I had a really promising career when I was young. I was the leading performer at the best high school in LA, had the voice teacher to the stars on Mulholland Blvd, was signed to the best talent agency in the country, was making money from TV work, was one of a very few selected to train at an exclusive program at the LA Music Center. Casting directors told me I was gonna ‘be big.’ It was all so promising.

Except I was gay, and in the 80’s there was a lot of bigotry against fags in the entertainment industry.  Gays couldn’t be leading men, gays had to portray perverts and psychopaths, gays weren’t good enough.  And I wasn’t tough enough, raised with enough love and self confidence, man enough to face down the prejudice.

So I ran away. I got a boyfriend and disappeared.

Twenty-five years later I’m in New York where nobody seems to care.  I mean, really, they don’t.

But I spent 7 years battling the corporate office when I worked for an airline to get them to extend flight benefits to my partner.  I spent three years when I worked at a railroad convincing my-coworkers I didn’t want to molest them and didn’t have AIDS. I spent six years making movies about gay men and struggled to find actors who would be in the film, locations that would allow us to film, and an audience to watch a movie that wasn’t about sex. I petitioned the United Methodist Church to ordain gay ministers, and I bullied a minister into performing my gay wedding ceremony in the church with our families as witness when such action threatened to lose the pastor her job. I lost a job as a teacher because the school principal was a deacon at the Baptist Church. I opened a theater that the locals called the ‘gay theater’ and refused to attend for an entire year even though we weren’t doing plays about gay people. I lived and fought for equality in the most unaccepting places in this country.

And now here I am in the MOST accepting place, and I have nothing to show for it.  I stopped singing 25 years ago, so I won’t be doing a musical on Broadway.  I have been out of the mainstream entertainment industry so long that I don’t have contacts to get me back into the right circles or with the right agents. I don’t have the credits on my resume they want to see, and I don’t have the work history they require.

To attain that promising career means starting over.  A do-over. That first one didn’t count.

I’m a lot tougher now, and much wiser. I still have the determination, and the ‘presence’ needed for the camera and for the stage. I just can’t seem to get over this deep sadness over what I gave up long ago.

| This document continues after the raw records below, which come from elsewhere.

(* Let $\sigma\in\{1,-1\}$, $n\ge 2$, $m_1,\dots,m_n>0$, $M=\sum_{j=1}^n m_j$, and let $q_k(t)=p(t+k)$, $k=1,\dots,n$, be an equally spaced choreographic solution, with $p$ of period $n$, of $$\ddot q_k=\sum_{j=1,\,j\neq k}^{n}\frac{m_j\big(q_j-\sigma(q_k\odot q_j)q_k\big)}{\big(\sigma-\sigma(q_k\odot q_j)^2\big)^{3/2}}-\sigma(\dot q_k\odot\dot q_k)q_k,\qquad k\in\{1,\dots,n\}.$$ Then for all $k\in\{1,\dots,n\}$ and all $t$, $$0=\sum_{j=1}^{n-1}\frac{\left(m_{j+k}-\frac Mn\right)\Big(p(t+j)-\sigma\big(p(t+j)\odot p(t)\big)p(t)\Big)}{\Big(\sigma-\sigma\big(p(t+j)\odot p(t)\big)^2\Big)^{3/2}}.$$
   Context: $\mathbb{M}^2_\sigma=\{(x_1,x_2,x_3)\in\mathbb{R}^3: x_1^2+x_2^2+\sigma x_3^2=\sigma\}$ and $x\odot y=x_1y_1+x_2y_2+\sigma x_3y_3$; $p:\mathbb{R}\to\mathbb{M}^2_\sigma$ is twice continuously differentiable. Masses are indexed cyclically: $m_{k+Kn}=m_k$ for $k\in\{1,\dots,n\}$, $K\in\mathbb{Z}$. (Equal spacing has been normalized so that $h_{k+1}-h_k=1$ and the period of $p$ is $n$.) *)

theory Defs
  imports "HOL-Analysis.Analysis"
begin

definition odot :: "real \<Rightarrow> real^3 \<Rightarrow> real^3 \<Rightarrow> real" where
  "odot \<sigma> x y = x$1 * y$1 + x$2 * y$2 + \<sigma> * x$3 * y$3"

definition Msurf :: "real \<Rightarrow> (real^3) set" where
  "Msurf \<sigma> = {x. (x$1)^2 + (x$2)^2 + \<sigma> * (x$3)^2 = \<sigma>}"

text \<open>Cyclic indexing of masses: m_{k+Kn} = m_k for k in 1..n (used for indices >= 1).\<close>
definition mcyc :: "nat \<Rightarrow> (nat \<Rightarrow> real) \<Rightarrow> nat \<Rightarrow> real" where
  "mcyc n m i = m ((i - 1) mod n + 1)"

end

theory Submission
  imports Defs
begin

text \<open>Evaluating the equation of body \<open>k\<close> at time \<open>s - k\<close> and using the \<open>n\<close>-periodicity of \<open>p\<close>
  expresses \<open>p'' s + \<sigma> (p' s \<odot> p' s) p s\<close> as a sum over the relative positions \<open>p (s + l)\<close>,
  \<open>1 \<le> l < n\<close>, weighted by the cyclically shifted masses \<open>m (l + k)\<close>. The left-hand side does
  not depend on \<open>k\<close>, so neither does this weighted sum; averaging it over the \<open>n\<close> shifts \<open>k\<close>
  replaces every weight by the mean mass \<open>M / n\<close>, and subtracting gives the identity.\<close>

definition attraction :: "real \<Rightarrow> real^3 \<Rightarrow> real^3 \<Rightarrow> real^3" where
  "attraction \<sigma> x y =
     inverse ((\<sigma> - \<sigma> * (odot \<sigma> x y)^2) powr (3/2)) *\<^sub>R (y - (\<sigma> * odot \<sigma> x y) *\<^sub>R x)"

lemma odot_commute: "odot \<sigma> x y = odot \<sigma> y x"
  by (simp add: odot_def algebra_simps)

lemma scaleR_attraction:
  "(c / (\<sigma> - \<sigma> * (odot \<sigma> x y)^2) powr (3/2)) *\<^sub>R (y - (\<sigma> * odot \<sigma> x y) *\<^sub>R x)
     = c *\<^sub>R attraction \<sigma> x y"
  by (simp only: attraction_def divide_inverse scaleR_scaleR)

lemma sum_periodic_window:
  fixes f :: "nat \<Rightarrow> 'a::ab_group_add"
  assumes periodic: "\<And>i. 0 < i \<Longrightarrow> f (i + n) = f i"
  shows "(\<Sum>k=1..n. f (l + k)) = (\<Sum>k=1..n. f k)"
proof (induction l)
  case (Suc l)
  have "f (l + 1) + (\<Sum>k=Suc 1..Suc n. f (l + k)) = (\<Sum>k=1..Suc n. f (l + k))"
    by (rule sum.atLeast_Suc_atMost[symmetric]) simp
  also have "\<dots> = (\<Sum>k=1..n. f (l + k)) + f (l + 1)"
    using periodic[of "l + 1"] by simp
  finally have "(\<Sum>k=Suc 1..Suc n. f (l + k)) = (\<Sum>k=1..n. f (l + k))"
    by simp
  moreover have "(\<Sum>k=1..n. f (Suc l + k)) = (\<Sum>k=Suc 1..Suc n. f (l + k))"
    by (subst sum.shift_bounds_cl_Suc_ivl) simp
  ultimately show ?case
    using Suc.IH by simp
qed simp

lemma sum_remove_periodic:
  fixes g :: "nat \<Rightarrow> 'a::ab_group_add"
  assumes periodic: "\<And>i. 0 < i \<Longrightarrow> g (i + n) = g i"
    and k: "k \<in> {1..n}"
  shows "(\<Sum>j\<in>{1..n} - {k}. g j) = (\<Sum>l=1..n-1. g (l + k))"
proof -
  have "(\<Sum>l=1..n-1. g (l + k)) + g k = (\<Sum>l=0..n-1. g (l + k))"
    by (simp add: sum.atLeast_Suc_atMost)
  also have "\<dots> = (\<Sum>l=1..n. g ((k - 1) + l))"
  proof -
    obtain n' where n': "n = Suc n'"
      using k by (cases n) auto
    have "(\<Sum>l=1..Suc n'. g ((k - 1) + l)) = (\<Sum>l=0..n'. g ((k - 1) + Suc l))"
      unfolding One_nat_def by (rule sum.shift_bounds_cl_Suc_ivl)
    also have "\<dots> = (\<Sum>l=0..n'. g (l + k))"
      using k by (intro sum.cong) (auto simp: add.commute)
    finally show ?thesis
      using n' by simp
  qed
  also have "\<dots> = (\<Sum>j=1..n. g j)"
    using periodic by (rule sum_periodic_window)
  finally show ?thesis
    using k by (simp add: sum_diff1 algebra_simps)
qed

lemma mcyc_eq: "j \<in> {1..n} \<Longrightarrow> mcyc n m j = m j"
  by (auto simp: mcyc_def)

text \<open>The restriction \<open>0 < i\<close> is needed: truncated subtraction gives \<open>mcyc n m 0 = m 1\<close>.\<close>

lemma mcyc_periodic:
  assumes "0 < i"
  shows "mcyc n m (i + n) = mcyc n m i"
proof -
  have "i + n - 1 = (i - 1) + n"
    using assms by simp
  then show ?thesis
    by (simp add: mcyc_def)
qed

lemma sum_mcyc_window: "(\<Sum>k=1..n. mcyc n m (l + k)) = (\<Sum>i=1..n. m i)"
proof -
  have "(\<Sum>k=1..n. mcyc n m (l + k)) = (\<Sum>k=1..n. mcyc n m k)"
    using mcyc_periodic by (rule sum_periodic_window)
  also have "\<dots> = (\<Sum>i=1..n. m i)"
    by (intro sum.cong) (simp_all add: mcyc_eq)
  finally show ?thesis .
qed

lemma sum_centered_shifted_weights_eq_0:
  fixes w :: "nat \<Rightarrow> real" and G :: "nat \<Rightarrow> 'a::real_vector"
  assumes n: "0 < n"
    and shift_invariant: "\<And>k. k \<in> {1..n} \<Longrightarrow> (\<Sum>l\<in>L. w (l + k) *\<^sub>R G l) = v"
    and window: "\<And>l. (\<Sum>k=1..n. w (l + k)) = W"
    and k: "k \<in> {1..n}"
  shows "(\<Sum>l\<in>L. (w (l + k) - W / real n) *\<^sub>R G l) = 0"
proof -
  have "real n *\<^sub>R v = (\<Sum>k=1..n. v)"
    by (simp add: sum_constant_scaleR)
  also have "\<dots> = (\<Sum>k=1..n. \<Sum>l\<in>L. w (l + k) *\<^sub>R G l)"
    using shift_invariant by (intro sum.cong) simp_all
  also have "\<dots> = (\<Sum>l\<in>L. (\<Sum>k=1..n. w (l + k)) *\<^sub>R G l)"
    unfolding scaleR_sum_left by (rule sum.swap)
  also have "\<dots> = W *\<^sub>R (\<Sum>l\<in>L. G l)"
    by (simp only: window scaleR_sum_right)
  finally have nv: "real n *\<^sub>R v = W *\<^sub>R (\<Sum>l\<in>L. G l)" .
  have "v = inverse (real n) *\<^sub>R (real n *\<^sub>R v)"
    using n by simp
  also have "\<dots> = (W / real n) *\<^sub>R (\<Sum>l\<in>L. G l)"
    by (simp add: nv divide_inverse mult.commute)
  finally have "v = (W / real n) *\<^sub>R (\<Sum>l\<in>L. G l)" .
  then show ?thesis
    using shift_invariant[OF k]
    by (simp add: scaleR_diff_left sum_subtractf scaleR_sum_right)
qed

lemma choreography_acceleration:
  fixes p p' p'' :: "real \<Rightarrow> real^3"
  assumes period: "\<And>t. p (t + real n) = p t"
    and ode: "\<And>t k. k \<in> {1..n} \<Longrightarrow>
        p'' (t + real k) =
          (\<Sum>j\<in>{1..n} - {k}.
             (m j / (\<sigma> - \<sigma> * (odot \<sigma> (p (t + real k)) (p (t + real j)))^2) powr (3/2)) *\<^sub>R
             (p (t + real j) - (\<sigma> * odot \<sigma> (p (t + real k)) (p (t + real j))) *\<^sub>R p (t + real k)))
          - (\<sigma> * odot \<sigma> (p' (t + real k)) (p' (t + real k))) *\<^sub>R p (t + real k)"
    and k: "k \<in> {1..n}"
  shows "p'' s + (\<sigma> * odot \<sigma> (p' s) (p' s)) *\<^sub>R p s
           = (\<Sum>l=1..n-1. mcyc n m (l + k) *\<^sub>R attraction \<sigma> (p s) (p (s + real l)))"
proof -
  define g where "g j = mcyc n m j *\<^sub>R attraction \<sigma> (p s) (p (s - real k + real j))" for j
  have g_periodic: "g (i + n) = g i" if "0 < i" for i
  proof -
    have "p (s - real k + real (i + n)) = p (s - real k + real i)"
      using period[of "s - real k + real i"] by (simp add: add.assoc)
    then show ?thesis
      using mcyc_periodic[OF that] by (simp add: g_def)
  qed
  have "p'' s + (\<sigma> * odot \<sigma> (p' s) (p' s)) *\<^sub>R p s
          = (\<Sum>j\<in>{1..n} - {k}. m j *\<^sub>R attraction \<sigma> (p s) (p (s - real k + real j)))"
    using ode[OF k, of "s - real k"] by (simp add: scaleR_attraction)
  also have "\<dots> = (\<Sum>j\<in>{1..n} - {k}. g j)"
    unfolding g_def by (intro sum.cong) (simp_all add: mcyc_eq)
  also have "\<dots> = (\<Sum>l=1..n-1. g (l + k))"
    using g_periodic k by (rule sum_remove_periodic)
  also have "\<dots> = (\<Sum>l=1..n-1. mcyc n m (l + k) *\<^sub>R attraction \<sigma> (p s) (p (s + real l)))"
    by (simp add: g_def)
  finally show ?thesis .
qed

theorem lemma3:
  fixes \<sigma> :: real and n :: nat and m :: "nat \<Rightarrow> real"
    and p p' p'' :: "real \<Rightarrow> real^3"
  assumes sigma: "\<sigma> = 1 \<or> \<sigma> = -1"
    and n2: "n \<ge> 2"
    and mpos: "\<And>j. j \<in> {1..n} \<Longrightarrow> m j > 0"
    and onM: "\<And>t. p t \<in> Msurf \<sigma>"
    and d1: "\<And>t. (p has_vector_derivative p' t) (at t)"
    and d2: "\<And>t. (p' has_vector_derivative p'' t) (at t)"
    and cont2: "continuous_on UNIV p''"
    and period: "\<And>t. p (t + real n) = p t"
    and nocoll: "\<And>t k j. k \<in> {1..n} \<Longrightarrow> j \<in> {1..n} \<Longrightarrow> j \<noteq> k \<Longrightarrow>
        \<sigma> - \<sigma> * (odot \<sigma> (p (t + real k)) (p (t + real j)))^2 > 0"
    and ode: "\<And>t k. k \<in> {1..n} \<Longrightarrow>
        p'' (t + real k) =
          (\<Sum>j\<in>{1..n} - {k}.
             (m j / (\<sigma> - \<sigma> * (odot \<sigma> (p (t + real k)) (p (t + real j)))^2) powr (3/2)) *\<^sub>R
             (p (t + real j) - (\<sigma> * odot \<sigma> (p (t + real k)) (p (t + real j))) *\<^sub>R p (t + real k)))
          - (\<sigma> * odot \<sigma> (p' (t + real k)) (p' (t + real k))) *\<^sub>R p (t + real k)"
  shows "\<forall>k\<in>{1..n}. \<forall>t. 0 =
      (\<Sum>j\<in>{1..n-1}.
         ((mcyc n m (j + k) - (\<Sum>i\<in>{1..n}. m i) / real n) /
            (\<sigma> - \<sigma> * (odot \<sigma> (p (t + real j)) (p t))^2) powr (3/2)) *\<^sub>R
         (p (t + real j) - (\<sigma> * odot \<sigma> (p (t + real j)) (p t)) *\<^sub>R p t))"
proof (intro ballI allI)
  fix k t
  assume k: "k \<in> {1..n}"
  have "(\<Sum>l\<in>{1..n-1}. (mcyc n m (l + k) - (\<Sum>i\<in>{1..n}. m i) / real n) *\<^sub>R
            attraction \<sigma> (p t) (p (t + real l))) = 0"
  proof (rule sum_centered_shifted_weights_eq_0)
    show "0 < n"
      using n2 by simp
    show "(\<Sum>l\<in>{1..n-1}. mcyc n m (l + k') *\<^sub>R attraction \<sigma> (p t) (p (t + real l)))
            = p'' t + (\<sigma> * odot \<sigma> (p' t) (p' t)) *\<^sub>R p t" if "k' \<in> {1..n}" for k'
      using choreography_acceleration[OF period ode that] by simp
    show "(\<Sum>k'=1..n. mcyc n m (l + k')) = (\<Sum>i=1..n. m i)" for l
      by (rule sum_mcyc_window)
  qed (fact k)
  moreover have "\<And>j. odot \<sigma> (p (t + real j)) (p t) = odot \<sigma> (p t) (p (t + real j))"
    by (rule odot_commute)
  ultimately show "0 = (\<Sum>j\<in>{1..n-1}.
         ((mcyc n m (j + k) - (\<Sum>i\<in>{1..n}. m i) / real n) /
            (\<sigma> - \<sigma> * (odot \<sigma> (p (t + real j)) (p t))^2) powr (3/2)) *\<^sub>R
         (p (t + real j) - (\<sigma> * odot \<sigma> (p (t + real j)) (p t)) *\<^sub>R p t))"
    by (simp add: scaleR_attraction)
qed

end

Until I moved here I always said I have no regrets in my life.  Coming here has made me realize I so bitterly regret running away from the bigotry at the age of 23.   Hearing those old audition standards tonight tore my heart to shreds.


  1. Paul, your are one of the strongest people I know. What you did was not a mistake. You wouldn’t have done all the things you accomplished if you would have stayed in your “safe” place. You can say that you have not lived a lie. You taught me a lot in the short time we worked together and I am so greatful for our friendship. Remember what I once told you, That life is a game and if we knew how to play it we wouldn’t want to live it. I am not a really religious person but I do believe that God never gives us more then we can bear even though at times it might seem like it. I believe in you! You are an inspirational person. I love to read what you write and I will be your biggest cheerleader! I love you with all my heart! OK, I have used up all my platitudes for the evening. Don’t be hard on yourself!!!


  2. I am sorry you’re hurting. However, if you had perservered and had a great career in stage and screen, I would never have met you. I wouldn’t have such a smart, funny, opinionated, talented, creative, brusk, sweet, sneaky, cute, balding friend. I am so glad I know you. So, start over, already!
    I love you.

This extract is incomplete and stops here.